WHAT IS EXPECTED:
Where in the data below does the word "dvdE" appear? Copy every line that has it.

****

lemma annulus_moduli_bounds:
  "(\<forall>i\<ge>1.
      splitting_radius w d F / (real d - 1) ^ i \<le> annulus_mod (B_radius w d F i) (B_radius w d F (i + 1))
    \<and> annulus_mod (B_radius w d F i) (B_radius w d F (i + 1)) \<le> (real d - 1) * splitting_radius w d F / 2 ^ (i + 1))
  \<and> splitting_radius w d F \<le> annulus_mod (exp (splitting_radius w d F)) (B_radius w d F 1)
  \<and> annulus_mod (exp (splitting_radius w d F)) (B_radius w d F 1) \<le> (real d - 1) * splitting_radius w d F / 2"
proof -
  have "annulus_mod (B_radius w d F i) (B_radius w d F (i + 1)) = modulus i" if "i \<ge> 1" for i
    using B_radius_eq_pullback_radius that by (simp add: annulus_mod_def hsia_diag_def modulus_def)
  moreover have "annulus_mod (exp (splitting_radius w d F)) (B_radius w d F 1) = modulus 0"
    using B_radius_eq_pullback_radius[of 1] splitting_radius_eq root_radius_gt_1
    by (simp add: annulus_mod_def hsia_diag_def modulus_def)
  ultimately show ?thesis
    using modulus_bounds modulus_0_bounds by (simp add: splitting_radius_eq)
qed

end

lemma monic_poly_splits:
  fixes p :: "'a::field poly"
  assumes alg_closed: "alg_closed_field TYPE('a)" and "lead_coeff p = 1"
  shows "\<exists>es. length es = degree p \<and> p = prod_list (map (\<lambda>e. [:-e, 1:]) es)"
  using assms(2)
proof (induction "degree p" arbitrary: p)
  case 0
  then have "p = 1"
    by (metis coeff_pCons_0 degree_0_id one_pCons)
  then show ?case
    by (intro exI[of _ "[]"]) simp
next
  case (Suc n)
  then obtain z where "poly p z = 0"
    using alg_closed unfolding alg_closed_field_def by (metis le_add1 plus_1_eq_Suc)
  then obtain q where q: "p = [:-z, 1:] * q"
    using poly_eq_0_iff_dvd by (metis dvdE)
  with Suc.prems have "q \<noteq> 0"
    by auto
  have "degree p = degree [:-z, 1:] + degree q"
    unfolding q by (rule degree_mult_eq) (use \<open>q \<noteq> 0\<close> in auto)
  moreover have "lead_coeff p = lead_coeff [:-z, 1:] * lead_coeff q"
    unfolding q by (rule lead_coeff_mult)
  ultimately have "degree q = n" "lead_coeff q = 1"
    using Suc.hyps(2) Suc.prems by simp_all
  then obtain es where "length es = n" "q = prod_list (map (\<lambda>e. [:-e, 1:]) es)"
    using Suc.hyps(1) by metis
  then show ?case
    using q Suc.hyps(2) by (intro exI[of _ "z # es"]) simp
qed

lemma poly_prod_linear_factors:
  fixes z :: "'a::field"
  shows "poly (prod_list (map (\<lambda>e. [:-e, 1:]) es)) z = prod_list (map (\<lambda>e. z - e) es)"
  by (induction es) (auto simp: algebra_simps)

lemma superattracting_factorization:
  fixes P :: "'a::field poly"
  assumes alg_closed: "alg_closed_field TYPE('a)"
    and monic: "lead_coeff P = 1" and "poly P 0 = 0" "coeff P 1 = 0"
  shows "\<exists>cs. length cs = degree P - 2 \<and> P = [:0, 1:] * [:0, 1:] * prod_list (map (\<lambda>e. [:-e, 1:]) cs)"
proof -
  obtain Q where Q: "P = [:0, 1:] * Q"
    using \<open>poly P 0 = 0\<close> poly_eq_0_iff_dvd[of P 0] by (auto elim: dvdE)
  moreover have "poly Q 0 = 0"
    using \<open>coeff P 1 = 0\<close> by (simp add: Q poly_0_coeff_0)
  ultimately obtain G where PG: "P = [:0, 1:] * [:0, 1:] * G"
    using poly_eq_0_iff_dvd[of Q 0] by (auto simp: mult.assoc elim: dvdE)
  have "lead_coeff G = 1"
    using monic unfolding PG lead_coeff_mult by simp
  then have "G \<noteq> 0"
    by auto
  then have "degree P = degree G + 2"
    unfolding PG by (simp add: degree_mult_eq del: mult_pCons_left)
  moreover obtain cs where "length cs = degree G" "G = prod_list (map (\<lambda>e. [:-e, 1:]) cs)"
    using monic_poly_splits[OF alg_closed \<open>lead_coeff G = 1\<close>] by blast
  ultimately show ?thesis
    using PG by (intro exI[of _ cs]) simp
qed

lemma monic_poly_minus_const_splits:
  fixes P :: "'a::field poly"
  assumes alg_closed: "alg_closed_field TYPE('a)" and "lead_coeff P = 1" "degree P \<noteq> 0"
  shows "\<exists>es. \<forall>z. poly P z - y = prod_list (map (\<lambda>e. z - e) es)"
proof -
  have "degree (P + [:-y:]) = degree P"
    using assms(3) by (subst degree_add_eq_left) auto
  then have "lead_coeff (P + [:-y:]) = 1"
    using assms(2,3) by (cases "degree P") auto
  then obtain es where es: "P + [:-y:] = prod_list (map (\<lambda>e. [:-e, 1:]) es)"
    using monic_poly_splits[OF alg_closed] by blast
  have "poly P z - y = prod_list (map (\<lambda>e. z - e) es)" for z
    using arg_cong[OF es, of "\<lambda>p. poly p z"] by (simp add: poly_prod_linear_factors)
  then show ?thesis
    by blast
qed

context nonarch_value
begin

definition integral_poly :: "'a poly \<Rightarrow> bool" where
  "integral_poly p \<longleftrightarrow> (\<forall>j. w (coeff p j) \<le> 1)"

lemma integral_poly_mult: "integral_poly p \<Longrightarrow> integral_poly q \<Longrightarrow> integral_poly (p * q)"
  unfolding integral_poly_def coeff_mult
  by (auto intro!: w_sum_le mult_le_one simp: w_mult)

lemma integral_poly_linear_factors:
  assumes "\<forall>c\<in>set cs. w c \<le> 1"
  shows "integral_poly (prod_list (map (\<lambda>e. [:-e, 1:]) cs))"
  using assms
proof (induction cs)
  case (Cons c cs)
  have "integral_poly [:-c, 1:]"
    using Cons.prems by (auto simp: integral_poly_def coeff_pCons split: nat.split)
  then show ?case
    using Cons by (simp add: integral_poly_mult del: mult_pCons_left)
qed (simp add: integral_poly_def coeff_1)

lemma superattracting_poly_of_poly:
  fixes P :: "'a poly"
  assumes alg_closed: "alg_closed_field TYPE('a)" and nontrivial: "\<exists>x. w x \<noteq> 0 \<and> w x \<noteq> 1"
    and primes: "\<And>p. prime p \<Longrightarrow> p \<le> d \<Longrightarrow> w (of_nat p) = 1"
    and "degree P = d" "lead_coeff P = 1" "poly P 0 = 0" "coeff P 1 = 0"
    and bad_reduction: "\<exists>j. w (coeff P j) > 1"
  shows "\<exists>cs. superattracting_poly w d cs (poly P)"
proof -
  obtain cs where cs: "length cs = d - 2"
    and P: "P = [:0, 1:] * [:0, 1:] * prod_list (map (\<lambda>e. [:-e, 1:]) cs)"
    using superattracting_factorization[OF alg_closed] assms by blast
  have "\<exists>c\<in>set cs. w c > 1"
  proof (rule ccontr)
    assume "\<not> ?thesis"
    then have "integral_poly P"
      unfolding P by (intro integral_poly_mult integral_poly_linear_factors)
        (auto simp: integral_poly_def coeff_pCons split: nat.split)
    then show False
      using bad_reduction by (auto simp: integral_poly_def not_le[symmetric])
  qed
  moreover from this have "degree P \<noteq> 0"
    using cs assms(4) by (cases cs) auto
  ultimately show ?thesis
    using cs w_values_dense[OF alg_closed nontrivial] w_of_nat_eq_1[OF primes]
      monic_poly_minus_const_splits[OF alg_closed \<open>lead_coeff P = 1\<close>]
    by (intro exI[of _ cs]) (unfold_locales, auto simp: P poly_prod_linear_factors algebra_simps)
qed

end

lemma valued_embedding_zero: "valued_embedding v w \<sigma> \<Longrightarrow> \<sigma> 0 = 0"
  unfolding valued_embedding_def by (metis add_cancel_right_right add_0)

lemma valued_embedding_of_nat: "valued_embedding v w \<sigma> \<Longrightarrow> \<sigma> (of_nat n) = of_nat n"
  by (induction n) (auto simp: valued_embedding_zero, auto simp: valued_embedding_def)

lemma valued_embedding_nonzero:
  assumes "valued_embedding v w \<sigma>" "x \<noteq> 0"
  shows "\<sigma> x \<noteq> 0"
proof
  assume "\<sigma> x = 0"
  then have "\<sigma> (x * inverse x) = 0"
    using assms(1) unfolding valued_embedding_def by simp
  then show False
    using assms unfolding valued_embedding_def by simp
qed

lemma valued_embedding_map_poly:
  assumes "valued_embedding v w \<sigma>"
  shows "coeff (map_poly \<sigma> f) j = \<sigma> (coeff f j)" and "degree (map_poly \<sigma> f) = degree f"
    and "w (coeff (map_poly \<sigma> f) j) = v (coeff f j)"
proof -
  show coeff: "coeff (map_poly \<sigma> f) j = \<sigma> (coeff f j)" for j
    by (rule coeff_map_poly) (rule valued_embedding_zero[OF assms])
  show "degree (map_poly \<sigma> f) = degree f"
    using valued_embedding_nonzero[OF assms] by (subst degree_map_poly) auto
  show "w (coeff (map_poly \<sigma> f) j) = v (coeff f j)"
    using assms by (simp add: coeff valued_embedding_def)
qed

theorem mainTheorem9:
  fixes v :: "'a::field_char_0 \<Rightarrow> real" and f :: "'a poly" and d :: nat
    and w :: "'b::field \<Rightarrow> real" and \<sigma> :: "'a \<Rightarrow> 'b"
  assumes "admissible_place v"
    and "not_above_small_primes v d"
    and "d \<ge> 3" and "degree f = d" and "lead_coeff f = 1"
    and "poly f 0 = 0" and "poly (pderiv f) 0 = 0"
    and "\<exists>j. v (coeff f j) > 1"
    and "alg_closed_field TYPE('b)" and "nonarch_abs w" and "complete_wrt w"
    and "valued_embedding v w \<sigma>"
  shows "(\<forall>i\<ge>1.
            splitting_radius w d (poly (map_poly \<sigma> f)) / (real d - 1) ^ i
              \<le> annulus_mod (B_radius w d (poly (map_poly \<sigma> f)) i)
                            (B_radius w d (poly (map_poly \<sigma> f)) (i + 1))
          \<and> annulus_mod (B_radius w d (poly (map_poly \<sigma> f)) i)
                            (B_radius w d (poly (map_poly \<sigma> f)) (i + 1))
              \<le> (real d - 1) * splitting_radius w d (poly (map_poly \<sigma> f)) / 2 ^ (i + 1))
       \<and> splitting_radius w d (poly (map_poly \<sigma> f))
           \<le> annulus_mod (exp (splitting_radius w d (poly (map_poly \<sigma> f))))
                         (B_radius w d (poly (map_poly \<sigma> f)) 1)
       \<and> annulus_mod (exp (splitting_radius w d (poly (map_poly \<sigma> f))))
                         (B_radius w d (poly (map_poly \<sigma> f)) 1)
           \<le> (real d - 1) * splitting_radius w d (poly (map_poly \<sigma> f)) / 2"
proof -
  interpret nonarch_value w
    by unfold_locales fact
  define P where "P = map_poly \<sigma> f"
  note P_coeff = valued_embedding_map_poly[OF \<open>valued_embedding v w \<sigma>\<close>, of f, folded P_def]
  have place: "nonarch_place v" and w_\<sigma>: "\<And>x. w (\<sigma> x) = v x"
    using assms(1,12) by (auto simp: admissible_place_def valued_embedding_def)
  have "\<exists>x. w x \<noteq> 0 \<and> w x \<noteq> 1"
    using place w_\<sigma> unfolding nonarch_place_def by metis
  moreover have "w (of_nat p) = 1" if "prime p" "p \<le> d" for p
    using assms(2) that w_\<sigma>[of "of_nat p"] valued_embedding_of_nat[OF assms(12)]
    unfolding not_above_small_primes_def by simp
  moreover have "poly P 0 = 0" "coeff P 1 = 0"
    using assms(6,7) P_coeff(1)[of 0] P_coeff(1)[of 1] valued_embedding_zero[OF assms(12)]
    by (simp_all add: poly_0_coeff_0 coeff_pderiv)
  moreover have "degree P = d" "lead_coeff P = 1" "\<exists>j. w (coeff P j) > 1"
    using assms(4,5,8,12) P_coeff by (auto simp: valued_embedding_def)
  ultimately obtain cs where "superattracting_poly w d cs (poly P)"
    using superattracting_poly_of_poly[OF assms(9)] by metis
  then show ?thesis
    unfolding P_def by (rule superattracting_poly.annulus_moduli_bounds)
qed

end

****

WRITTEN ANSWER:
    using poly_eq_0_iff_dvd by (metis dvdE)
    using \<open>poly P 0 = 0\<close> poly_eq_0_iff_dvd[of P 0] by (auto elim: dvdE)
    using poly_eq_0_iff_dvd[of Q 0] by (auto simp: mult.assoc elim: dvdE)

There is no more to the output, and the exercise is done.